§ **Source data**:

(* Let $X$ be a compact metric space and $(x_n)_{n\in\mathbb{N}}$ a dense sequence in $X$. Then there is a coloring $c:[\mathbb{N}]^2\to2$ such that for every infinite $c$-homogeneous set $h\subseteq\mathbb{N}$ the subsequence $(x_n)_{n\in h}$ converges. Consequently the family $\mathcal{C}(x_n)_n=\{y\subseteq\mathbb{N}:(x_n)_{n\in y}\text{ is convergent}\}$ has a Borel selector.
   Context: A set $h$ is $c$-homogeneous if $c$ is constant on $[h]^2$. A Borel selector for a tall family $\mathcal{C}\subseteq2^{\mathbb{N}}$ is a Borel $S:2^{\mathbb{N}}\to2^{\mathbb{N}}$ with $S(x)\subseteq x$, $S(x)\in\mathcal{C}$, and $S(x)$ infinite whenever $x$ is infinite (subsets of $\mathbb{N}$ identified with elements of $2^{\mathbb{N}}$). *)

theory Defs
  imports "HOL-Analysis.Analysis"
begin

text \<open>A colouring of [N]^2 into 2 colours: the colour of the pair {i,j} with i<j is c i j.\<close>
definition homogeneous :: "(nat \<Rightarrow> nat \<Rightarrow> bool) \<Rightarrow> nat set \<Rightarrow> bool" where
  "homogeneous c h \<longleftrightarrow> (\<exists>b. \<forall>i\<in>h. \<forall>j\<in>h. i < j \<longrightarrow> c i j = b)"

text \<open>The subsequence (x n) for n in y, enumerated increasingly, is convergent
  (finite index sets are counted as convergent by convention).\<close>
definition subseq_convergent :: "(nat \<Rightarrow> 'a::topological_space) \<Rightarrow> nat set \<Rightarrow> bool" where
  "subseq_convergent x y \<longleftrightarrow> finite y \<or> convergent (\<lambda>k. x (enumerate y k))"

definition conv_family :: "(nat \<Rightarrow> 'a::topological_space) \<Rightarrow> nat set set" where
  "conv_family x = {y. subseq_convergent x y}"

text \<open>Borel selector; elements of 2^N are characteristic functions nat \<Rightarrow> bool with the
  product (Cantor) topology, subsets of N identified via Collect.\<close>
definition borel_selector :: "nat set set \<Rightarrow> ((nat \<Rightarrow> bool) \<Rightarrow> (nat \<Rightarrow> bool)) \<Rightarrow> bool" where
  "borel_selector C S \<longleftrightarrow> S \<in> borel \<rightarrow>\<^sub>M borel \<and>
     (\<forall>p. Collect (S p) \<subseteq> Collect p \<and> Collect (S p) \<in> C \<and>
          (infinite (Collect p) \<longrightarrow> infinite (Collect (S p))))"

end

theory Submission
  imports Defs
begin

text \<open>Cover the compact space, for every m, by finitely many balls of radius
  1/(2(m+1)) and record for each point x k the index of a ball containing it: this gives
  every k an address in a finitely branching tree, and points whose m-th digits agree are
  1/(m+1)-close. Colour the pair i < j by whether the address of i is lexicographically
  below that of j. Along a homogeneous set the addresses are lexicographically monotone,
  and since each digit takes only finitely many values, every digit is eventually
  constant; the subsequence is then Cauchy, hence convergent in the complete space X.

  For the selector, given p take the leftmost path of the address tree along which
  infinitely many elements of p lie (Koenig's lemma), and keep an element k of p if, for
  every smaller j in p, k follows this path down to a depth at which j has already left it
  or which exceeds j. Infinitely many elements survive and their addresses converge to the
  path. Each coordinate of the output is obtained from the coordinates of p by countably
  many Boolean operations, so the selector is Borel.\<close>

lemma compact_address_coding:
  fixes X :: "'a::metric_space set" and x :: "nat \<Rightarrow> 'a" and r :: "nat \<Rightarrow> real"
  assumes "compact X" and "range x \<subseteq> X" and "\<And>m. r m > 0"
  obtains \<alpha> :: "nat \<Rightarrow> nat \<Rightarrow> nat" and N :: "nat \<Rightarrow> nat"
  where "\<And>k m. \<alpha> k m < N m"
    and "\<And>k k' m. \<alpha> k m = \<alpha> k' m \<Longrightarrow> dist (x k) (x k') < r m"
proof -
  have "\<exists>cs. X \<subseteq> (\<Union>c\<in>set cs. ball c (r m / 2))" for m
  proof -
    obtain K where "finite K" "X \<subseteq> (\<Union>c\<in>K. ball c (r m / 2))"
      using seq_compact_imp_totally_bounded[OF compact_imp_seq_compact[OF \<open>compact X\<close>]]
        \<open>r m > 0\<close> by (metis half_gt_zero)
    then show ?thesis by (metis finite_list)
  qed
  then obtain L where L: "\<And>m. X \<subseteq> (\<Union>c\<in>set (L m). ball c (r m / 2))" by metis
  define \<alpha> where "\<alpha> k m = (LEAST i. i < length (L m) \<and> x k \<in> ball (L m ! i) (r m / 2))" for k m
  have \<alpha>: "\<alpha> k m < length (L m) \<and> x k \<in> ball (L m ! \<alpha> k m) (r m / 2)" for k m
  proof -
    have "x k \<in> X" using assms(2) by auto
    then have "\<exists>i. i < length (L m) \<and> x k \<in> ball (L m ! i) (r m / 2)"
      using L[of m] by (fastforce simp: in_set_conv_nth)
    then show ?thesis unfolding \<alpha>_def by (rule LeastI_ex)
  qed
  have "dist (x k) (x k') < r m" if "\<alpha> k m = \<alpha> k' m" for k k' m
  proof -
    have "dist (x k) (x k') \<le> dist (L m ! \<alpha> k m) (x k) + dist (L m ! \<alpha> k m) (x k')"
      by (rule dist_triangle3)
    also have "\<dots> < r m / 2 + r m / 2"
      using \<alpha>[of k m] \<alpha>[of k' m] that by (intro add_strict_mono) auto
    finally show ?thesis by simp
  qed
  with \<alpha> show thesis by (intro that[of \<alpha> "\<lambda>m. length (L m)"]) blast+
qed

§ **Try it**:
What is needed is an exact restatement of every record above.

§ **Solution to the exercise**:
(* Let $X$ be a compact metric space and $(x_n)_{n\in\mathbb{N}}$ a dense sequence in $X$. Then there is a coloring $c:[\mathbb{N}]^2\to2$ such that for every infinite $c$-homogeneous set $h\subseteq\mathbb{N}$ the subsequence $(x_n)_{n\in h}$ converges. Consequently the family $\mathcal{C}(x_n)_n=\{y\subseteq\mathbb{N}:(x_n)_{n\in y}\text{ is convergent}\}$ has a Borel selector.
   Context: A set $h$ is $c$-homogeneous if $c$ is constant on $[h]^2$. A Borel selector for a tall family $\mathcal{C}\subseteq2^{\mathbb{N}}$ is a Borel $S:2^{\mathbb{N}}\to2^{\mathbb{N}}$ with $S(x)\subseteq x$, $S(x)\in\mathcal{C}$, and $S(x)$ infinite whenever $x$ is infinite (subsets of $\mathbb{N}$ identified with elements of $2^{\mathbb{N}}$). *)

theory Defs
  imports "HOL-Analysis.Analysis"
begin

text \<open>A colouring of [N]^2 into 2 colours: the colour of the pair {i,j} with i<j is c i j.\<close>
definition homogeneous :: "(nat \<Rightarrow> nat \<Rightarrow> bool) \<Rightarrow> nat set \<Rightarrow> bool" where
  "homogeneous c h \<longleftrightarrow> (\<exists>b. \<forall>i\<in>h. \<forall>j\<in>h. i < j \<longrightarrow> c i j = b)"

text \<open>The subsequence (x n) for n in y, enumerated increasingly, is convergent
  (finite index sets are counted as convergent by convention).\<close>
definition subseq_convergent :: "(nat \<Rightarrow> 'a::topological_space) \<Rightarrow> nat set \<Rightarrow> bool" where
  "subseq_convergent x y \<longleftrightarrow> finite y \<or> convergent (\<lambda>k. x (enumerate y k))"

definition conv_family :: "(nat \<Rightarrow> 'a::topological_space) \<Rightarrow> nat set set" where
  "conv_family x = {y. subseq_convergent x y}"

text \<open>Borel selector; elements of 2^N are characteristic functions nat \<Rightarrow> bool with the
  product (Cantor) topology, subsets of N identified via Collect.\<close>
definition borel_selector :: "nat set set \<Rightarrow> ((nat \<Rightarrow> bool) \<Rightarrow> (nat \<Rightarrow> bool)) \<Rightarrow> bool" where
  "borel_selector C S \<longleftrightarrow> S \<in> borel \<rightarrow>\<^sub>M borel \<and>
     (\<forall>p. Collect (S p) \<subseteq> Collect p \<and> Collect (S p) \<in> C \<and>
          (infinite (Collect p) \<longrightarrow> infinite (Collect (S p))))"

end

theory Submission
  imports Defs
begin

text \<open>Cover the compact space, for every m, by finitely many balls of radius
  1/(2(m+1)) and record for each point x k the index of a ball containing it: this gives
  every k an address in a finitely branching tree, and points whose m-th digits agree are
  1/(m+1)-close. Colour the pair i < j by whether the address of i is lexicographically
  below that of j. Along a homogeneous set the addresses are lexicographically monotone,
  and since each digit takes only finitely many values, every digit is eventually
  constant; the subsequence is then Cauchy, hence convergent in the complete space X.

  For the selector, given p take the leftmost path of the address tree along which
  infinitely many elements of p lie (Koenig's lemma), and keep an element k of p if, for
  every smaller j in p, k follows this path down to a depth at which j has already left it
  or which exceeds j. Infinitely many elements survive and their addresses converge to the
  path. Each coordinate of the output is obtained from the coordinates of p by countably
  many Boolean operations, so the selector is Borel.\<close>

lemma compact_address_coding:
  fixes X :: "'a::metric_space set" and x :: "nat \<Rightarrow> 'a" and r :: "nat \<Rightarrow> real"
  assumes "compact X" and "range x \<subseteq> X" and "\<And>m. r m > 0"
  obtains \<alpha> :: "nat \<Rightarrow> nat \<Rightarrow> nat" and N :: "nat \<Rightarrow> nat"
  where "\<And>k m. \<alpha> k m < N m"
    and "\<And>k k' m. \<alpha> k m = \<alpha> k' m \<Longrightarrow> dist (x k) (x k') < r m"
proof -
  have "\<exists>cs. X \<subseteq> (\<Union>c\<in>set cs. ball c (r m / 2))" for m
  proof -
    obtain K where "finite K" "X \<subseteq> (\<Union>c\<in>K. ball c (r m / 2))"
      using seq_compact_imp_totally_bounded[OF compact_imp_seq_compact[OF \<open>compact X\<close>]]
        \<open>r m > 0\<close> by (metis half_gt_zero)
    then show ?thesis by (metis finite_list)
  qed
  then obtain L where L: "\<And>m. X \<subseteq> (\<Union>c\<in>set (L m). ball c (r m / 2))" by metis
  define \<alpha> where "\<alpha> k m = (LEAST i. i < length (L m) \<and> x k \<in> ball (L m ! i) (r m / 2))" for k m
  have \<alpha>: "\<alpha> k m < length (L m) \<and> x k \<in> ball (L m ! \<alpha> k m) (r m / 2)" for k m
  proof -
    have "x k \<in> X" using assms(2) by auto
    then have "\<exists>i. i < length (L m) \<and> x k \<in> ball (L m ! i) (r m / 2)"
      using L[of m] by (fastforce simp: in_set_conv_nth)
    then show ?thesis unfolding \<alpha>_def by (rule LeastI_ex)
  qed
  have "dist (x k) (x k') < r m" if "\<alpha> k m = \<alpha> k' m" for k k' m
  proof -
    have "dist (x k) (x k') \<le> dist (L m ! \<alpha> k m) (x k) + dist (L m ! \<alpha> k m) (x k')"
      by (rule dist_triangle3)
    also have "\<dots> < r m / 2 + r m / 2"
      using \<alpha>[of k m] \<alpha>[of k' m] that by (intro add_strict_mono) auto
    finally show ?thesis by simp
  qed
  with \<alpha> show thesis by (intro that[of \<alpha> "\<lambda>m. length (L m)"]) blast+
qed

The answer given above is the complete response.